_TO DO_
Of the records that follow, copy only the lines from the line containing "unfolding I(3) by" to the line containing "unfolding J(3) by", both included, exactly as written.

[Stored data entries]

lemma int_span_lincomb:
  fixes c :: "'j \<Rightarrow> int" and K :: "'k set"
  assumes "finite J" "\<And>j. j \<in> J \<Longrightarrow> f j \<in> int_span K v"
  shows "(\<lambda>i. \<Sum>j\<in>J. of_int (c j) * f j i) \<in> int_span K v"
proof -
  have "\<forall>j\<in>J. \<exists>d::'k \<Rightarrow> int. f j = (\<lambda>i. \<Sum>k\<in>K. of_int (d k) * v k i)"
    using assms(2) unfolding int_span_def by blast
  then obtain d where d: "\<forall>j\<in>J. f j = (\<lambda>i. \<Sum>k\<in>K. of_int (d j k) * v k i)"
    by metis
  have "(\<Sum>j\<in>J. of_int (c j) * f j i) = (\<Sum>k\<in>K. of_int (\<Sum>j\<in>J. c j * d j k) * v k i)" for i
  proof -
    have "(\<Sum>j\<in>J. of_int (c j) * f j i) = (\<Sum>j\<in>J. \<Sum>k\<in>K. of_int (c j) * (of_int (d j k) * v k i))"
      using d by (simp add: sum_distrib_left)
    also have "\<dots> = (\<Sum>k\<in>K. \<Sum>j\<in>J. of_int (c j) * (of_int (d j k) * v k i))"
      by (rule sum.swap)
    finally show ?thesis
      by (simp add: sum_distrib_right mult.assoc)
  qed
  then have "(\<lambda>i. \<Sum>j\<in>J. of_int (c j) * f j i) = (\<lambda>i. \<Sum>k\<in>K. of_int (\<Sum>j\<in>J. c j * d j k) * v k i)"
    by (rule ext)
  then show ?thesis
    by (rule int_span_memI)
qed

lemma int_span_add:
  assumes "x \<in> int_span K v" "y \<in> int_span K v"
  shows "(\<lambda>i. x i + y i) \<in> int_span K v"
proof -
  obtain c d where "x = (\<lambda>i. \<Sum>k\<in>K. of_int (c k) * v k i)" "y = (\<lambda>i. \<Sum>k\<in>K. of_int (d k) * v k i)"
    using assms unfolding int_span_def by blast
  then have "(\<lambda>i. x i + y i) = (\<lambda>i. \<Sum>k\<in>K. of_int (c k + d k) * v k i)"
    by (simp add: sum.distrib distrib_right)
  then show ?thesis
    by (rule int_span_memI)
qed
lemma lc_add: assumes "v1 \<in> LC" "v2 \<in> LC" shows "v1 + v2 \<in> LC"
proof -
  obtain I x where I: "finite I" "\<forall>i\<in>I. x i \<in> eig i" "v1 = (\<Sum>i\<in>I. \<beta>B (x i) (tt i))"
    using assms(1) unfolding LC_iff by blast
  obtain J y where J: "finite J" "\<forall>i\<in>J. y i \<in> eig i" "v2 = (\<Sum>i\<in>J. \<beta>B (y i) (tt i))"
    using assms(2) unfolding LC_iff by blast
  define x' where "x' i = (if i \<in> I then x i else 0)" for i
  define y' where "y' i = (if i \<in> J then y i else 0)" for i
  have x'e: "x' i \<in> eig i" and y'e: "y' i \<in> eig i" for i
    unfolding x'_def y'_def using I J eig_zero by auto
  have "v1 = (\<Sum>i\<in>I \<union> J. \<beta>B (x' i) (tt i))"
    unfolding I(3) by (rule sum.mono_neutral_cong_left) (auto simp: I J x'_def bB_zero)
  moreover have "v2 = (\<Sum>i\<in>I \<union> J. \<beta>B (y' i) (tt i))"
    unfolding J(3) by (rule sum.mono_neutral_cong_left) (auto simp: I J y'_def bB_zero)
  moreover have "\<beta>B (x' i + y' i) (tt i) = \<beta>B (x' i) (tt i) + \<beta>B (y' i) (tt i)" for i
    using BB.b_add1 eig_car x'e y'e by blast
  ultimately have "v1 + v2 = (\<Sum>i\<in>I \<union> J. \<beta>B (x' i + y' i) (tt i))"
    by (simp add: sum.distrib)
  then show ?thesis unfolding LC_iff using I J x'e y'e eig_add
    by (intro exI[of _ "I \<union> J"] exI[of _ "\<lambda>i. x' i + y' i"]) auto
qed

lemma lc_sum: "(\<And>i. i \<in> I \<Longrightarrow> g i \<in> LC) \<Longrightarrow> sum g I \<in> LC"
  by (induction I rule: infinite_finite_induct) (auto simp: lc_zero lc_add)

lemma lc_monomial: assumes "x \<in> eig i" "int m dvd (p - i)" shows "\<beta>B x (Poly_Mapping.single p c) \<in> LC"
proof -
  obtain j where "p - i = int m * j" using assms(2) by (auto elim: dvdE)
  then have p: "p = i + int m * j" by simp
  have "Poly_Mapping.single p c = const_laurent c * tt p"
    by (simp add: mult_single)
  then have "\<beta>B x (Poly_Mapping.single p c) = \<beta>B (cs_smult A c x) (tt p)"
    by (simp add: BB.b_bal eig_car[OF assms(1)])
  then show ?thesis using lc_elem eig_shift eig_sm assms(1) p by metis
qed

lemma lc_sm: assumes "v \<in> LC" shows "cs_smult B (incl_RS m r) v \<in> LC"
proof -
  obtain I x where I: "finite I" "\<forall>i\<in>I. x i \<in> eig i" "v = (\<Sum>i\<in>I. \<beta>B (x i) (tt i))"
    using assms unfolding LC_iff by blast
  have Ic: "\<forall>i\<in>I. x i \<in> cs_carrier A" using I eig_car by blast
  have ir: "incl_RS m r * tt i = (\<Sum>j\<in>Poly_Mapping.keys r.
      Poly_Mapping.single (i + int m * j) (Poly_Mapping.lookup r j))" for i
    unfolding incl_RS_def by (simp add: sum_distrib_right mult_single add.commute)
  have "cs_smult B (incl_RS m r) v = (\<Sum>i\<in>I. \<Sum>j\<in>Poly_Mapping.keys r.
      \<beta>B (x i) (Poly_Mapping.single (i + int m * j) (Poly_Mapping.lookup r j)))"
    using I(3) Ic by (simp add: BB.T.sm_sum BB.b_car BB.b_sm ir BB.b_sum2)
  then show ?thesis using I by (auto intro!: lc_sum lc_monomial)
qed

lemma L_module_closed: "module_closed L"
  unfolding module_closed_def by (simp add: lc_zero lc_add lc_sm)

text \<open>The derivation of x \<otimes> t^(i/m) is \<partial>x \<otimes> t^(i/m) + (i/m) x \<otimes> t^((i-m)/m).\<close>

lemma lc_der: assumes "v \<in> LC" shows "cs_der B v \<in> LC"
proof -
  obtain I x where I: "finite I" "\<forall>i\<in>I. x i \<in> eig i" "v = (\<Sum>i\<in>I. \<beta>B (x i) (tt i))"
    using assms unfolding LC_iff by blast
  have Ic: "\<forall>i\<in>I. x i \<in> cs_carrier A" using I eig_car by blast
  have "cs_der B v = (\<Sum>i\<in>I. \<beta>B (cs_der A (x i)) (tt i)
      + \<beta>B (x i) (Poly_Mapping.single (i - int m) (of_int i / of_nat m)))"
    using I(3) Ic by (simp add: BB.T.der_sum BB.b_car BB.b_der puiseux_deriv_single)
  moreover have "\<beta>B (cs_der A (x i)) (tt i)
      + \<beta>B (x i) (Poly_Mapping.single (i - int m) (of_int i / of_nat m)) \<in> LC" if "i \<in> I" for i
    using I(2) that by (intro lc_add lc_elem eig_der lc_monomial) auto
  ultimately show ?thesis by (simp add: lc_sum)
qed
* * *
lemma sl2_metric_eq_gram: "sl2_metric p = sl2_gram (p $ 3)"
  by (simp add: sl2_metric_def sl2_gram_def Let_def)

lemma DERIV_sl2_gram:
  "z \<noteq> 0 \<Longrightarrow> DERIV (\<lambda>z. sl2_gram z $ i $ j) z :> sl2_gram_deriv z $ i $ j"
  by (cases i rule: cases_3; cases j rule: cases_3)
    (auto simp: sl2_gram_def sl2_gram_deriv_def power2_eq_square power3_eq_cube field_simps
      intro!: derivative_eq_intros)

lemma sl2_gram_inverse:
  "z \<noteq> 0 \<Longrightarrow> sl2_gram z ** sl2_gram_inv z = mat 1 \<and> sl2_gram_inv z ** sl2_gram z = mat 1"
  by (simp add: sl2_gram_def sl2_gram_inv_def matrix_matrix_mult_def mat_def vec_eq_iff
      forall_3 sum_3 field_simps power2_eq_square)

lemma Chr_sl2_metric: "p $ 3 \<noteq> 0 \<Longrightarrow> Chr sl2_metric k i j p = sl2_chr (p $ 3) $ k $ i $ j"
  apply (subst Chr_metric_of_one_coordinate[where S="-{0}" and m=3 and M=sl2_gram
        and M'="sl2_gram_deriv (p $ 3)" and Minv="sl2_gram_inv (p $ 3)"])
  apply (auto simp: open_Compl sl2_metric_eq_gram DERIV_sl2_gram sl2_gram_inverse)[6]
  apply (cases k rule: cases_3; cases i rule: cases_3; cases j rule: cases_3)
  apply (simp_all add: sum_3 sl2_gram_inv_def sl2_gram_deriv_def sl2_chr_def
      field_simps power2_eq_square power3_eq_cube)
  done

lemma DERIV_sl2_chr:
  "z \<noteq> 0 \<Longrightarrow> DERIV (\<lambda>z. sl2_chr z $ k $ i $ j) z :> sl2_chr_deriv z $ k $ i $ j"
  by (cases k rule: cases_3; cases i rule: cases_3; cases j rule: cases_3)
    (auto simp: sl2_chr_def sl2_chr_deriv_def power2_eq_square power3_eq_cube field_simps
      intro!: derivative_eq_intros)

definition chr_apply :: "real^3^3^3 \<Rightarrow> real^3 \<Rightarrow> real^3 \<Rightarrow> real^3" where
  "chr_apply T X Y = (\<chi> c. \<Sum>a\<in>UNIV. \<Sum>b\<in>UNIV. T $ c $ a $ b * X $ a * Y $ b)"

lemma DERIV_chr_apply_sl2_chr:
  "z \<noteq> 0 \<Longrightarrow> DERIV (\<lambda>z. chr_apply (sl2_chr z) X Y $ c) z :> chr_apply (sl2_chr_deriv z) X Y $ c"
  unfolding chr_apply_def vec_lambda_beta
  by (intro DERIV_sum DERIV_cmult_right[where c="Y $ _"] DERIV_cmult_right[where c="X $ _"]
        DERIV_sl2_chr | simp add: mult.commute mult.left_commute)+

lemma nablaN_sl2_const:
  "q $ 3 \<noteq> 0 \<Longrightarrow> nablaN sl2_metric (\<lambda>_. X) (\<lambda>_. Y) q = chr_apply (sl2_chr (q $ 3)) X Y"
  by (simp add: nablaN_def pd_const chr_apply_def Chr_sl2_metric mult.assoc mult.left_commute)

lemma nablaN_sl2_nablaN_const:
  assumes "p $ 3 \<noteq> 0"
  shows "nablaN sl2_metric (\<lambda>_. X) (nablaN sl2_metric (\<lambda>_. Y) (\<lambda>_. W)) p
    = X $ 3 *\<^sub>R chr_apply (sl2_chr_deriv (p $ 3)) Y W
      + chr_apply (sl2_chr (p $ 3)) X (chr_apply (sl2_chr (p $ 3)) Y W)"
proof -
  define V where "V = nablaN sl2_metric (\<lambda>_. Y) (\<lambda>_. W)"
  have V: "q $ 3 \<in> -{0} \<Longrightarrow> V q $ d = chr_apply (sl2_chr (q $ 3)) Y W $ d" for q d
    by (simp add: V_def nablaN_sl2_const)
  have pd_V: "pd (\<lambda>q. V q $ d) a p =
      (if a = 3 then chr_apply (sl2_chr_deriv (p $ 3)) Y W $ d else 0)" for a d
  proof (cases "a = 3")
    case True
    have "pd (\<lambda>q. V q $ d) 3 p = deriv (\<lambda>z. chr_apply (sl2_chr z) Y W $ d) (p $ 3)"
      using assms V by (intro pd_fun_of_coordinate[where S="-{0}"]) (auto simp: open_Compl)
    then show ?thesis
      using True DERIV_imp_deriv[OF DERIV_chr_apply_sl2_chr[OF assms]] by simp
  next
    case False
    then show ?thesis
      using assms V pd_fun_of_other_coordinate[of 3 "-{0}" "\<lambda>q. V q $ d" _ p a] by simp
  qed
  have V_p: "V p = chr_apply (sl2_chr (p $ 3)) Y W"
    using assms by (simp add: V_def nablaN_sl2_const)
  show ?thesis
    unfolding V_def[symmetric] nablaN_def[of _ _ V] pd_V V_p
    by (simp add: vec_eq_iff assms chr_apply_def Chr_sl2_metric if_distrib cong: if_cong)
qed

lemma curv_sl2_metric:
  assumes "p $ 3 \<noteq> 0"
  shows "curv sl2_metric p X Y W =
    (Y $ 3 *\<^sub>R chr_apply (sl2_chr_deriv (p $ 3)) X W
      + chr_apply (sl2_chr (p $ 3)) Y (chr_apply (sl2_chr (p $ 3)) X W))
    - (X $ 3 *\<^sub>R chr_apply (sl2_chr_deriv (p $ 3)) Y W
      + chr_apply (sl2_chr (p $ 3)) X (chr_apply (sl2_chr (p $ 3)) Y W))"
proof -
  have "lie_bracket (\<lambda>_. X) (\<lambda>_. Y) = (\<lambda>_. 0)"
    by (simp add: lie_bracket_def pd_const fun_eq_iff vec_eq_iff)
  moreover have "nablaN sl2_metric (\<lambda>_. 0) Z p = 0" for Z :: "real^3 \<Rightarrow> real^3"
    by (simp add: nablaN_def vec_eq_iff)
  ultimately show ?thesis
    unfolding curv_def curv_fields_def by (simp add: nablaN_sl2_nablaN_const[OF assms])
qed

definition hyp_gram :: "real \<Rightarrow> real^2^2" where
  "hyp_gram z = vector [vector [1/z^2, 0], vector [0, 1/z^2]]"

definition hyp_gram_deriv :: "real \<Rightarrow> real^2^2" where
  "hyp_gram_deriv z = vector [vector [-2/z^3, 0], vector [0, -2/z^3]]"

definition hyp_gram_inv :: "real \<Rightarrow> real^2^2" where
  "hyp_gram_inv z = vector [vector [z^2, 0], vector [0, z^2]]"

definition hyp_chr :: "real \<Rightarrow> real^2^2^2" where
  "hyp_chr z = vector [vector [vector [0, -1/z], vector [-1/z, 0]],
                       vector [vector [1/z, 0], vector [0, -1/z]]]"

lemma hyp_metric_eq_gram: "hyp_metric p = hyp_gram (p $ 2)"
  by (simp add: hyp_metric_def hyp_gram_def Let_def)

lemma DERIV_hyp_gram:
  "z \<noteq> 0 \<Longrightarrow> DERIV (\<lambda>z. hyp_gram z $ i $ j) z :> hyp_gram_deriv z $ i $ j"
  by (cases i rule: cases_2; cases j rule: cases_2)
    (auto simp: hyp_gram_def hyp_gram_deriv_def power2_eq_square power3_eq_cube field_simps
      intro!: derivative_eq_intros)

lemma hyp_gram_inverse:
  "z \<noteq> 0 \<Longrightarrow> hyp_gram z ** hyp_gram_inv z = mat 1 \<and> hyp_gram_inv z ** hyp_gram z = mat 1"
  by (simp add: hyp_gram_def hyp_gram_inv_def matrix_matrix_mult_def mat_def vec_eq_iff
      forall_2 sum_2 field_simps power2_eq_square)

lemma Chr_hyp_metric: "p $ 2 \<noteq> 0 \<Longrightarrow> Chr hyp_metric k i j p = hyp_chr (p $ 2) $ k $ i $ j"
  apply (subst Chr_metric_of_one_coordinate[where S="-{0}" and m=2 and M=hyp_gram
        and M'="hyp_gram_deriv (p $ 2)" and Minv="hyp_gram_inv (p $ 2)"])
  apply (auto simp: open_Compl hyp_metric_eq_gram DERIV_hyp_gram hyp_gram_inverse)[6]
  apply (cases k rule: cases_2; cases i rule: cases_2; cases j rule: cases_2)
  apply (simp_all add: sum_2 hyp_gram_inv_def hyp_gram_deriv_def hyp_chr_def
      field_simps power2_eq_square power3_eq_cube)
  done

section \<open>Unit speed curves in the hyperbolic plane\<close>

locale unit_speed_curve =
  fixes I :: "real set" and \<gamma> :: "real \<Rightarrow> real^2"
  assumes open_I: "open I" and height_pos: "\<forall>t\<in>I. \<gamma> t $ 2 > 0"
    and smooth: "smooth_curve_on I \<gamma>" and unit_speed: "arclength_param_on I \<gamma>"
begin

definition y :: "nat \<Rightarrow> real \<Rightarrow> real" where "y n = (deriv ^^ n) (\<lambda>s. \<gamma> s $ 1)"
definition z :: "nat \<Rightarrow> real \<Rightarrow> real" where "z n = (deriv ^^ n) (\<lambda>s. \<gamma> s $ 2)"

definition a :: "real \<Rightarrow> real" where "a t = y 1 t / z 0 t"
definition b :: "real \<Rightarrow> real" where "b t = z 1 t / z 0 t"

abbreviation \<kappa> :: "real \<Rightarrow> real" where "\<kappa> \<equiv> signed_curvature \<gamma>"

_WRITTEN RESPONSE_
    unfolding I(3) by (rule sum.mono_neutral_cong_left) (auto simp: I J x'_def bB_zero)
  moreover have "v2 = (\<Sum>i\<in>I \<union> J. \<beta>B (y' i) (tt i))"
    unfolding J(3) by (rule sum.mono_neutral_cong_left) (auto simp: I J y'_def bB_zero)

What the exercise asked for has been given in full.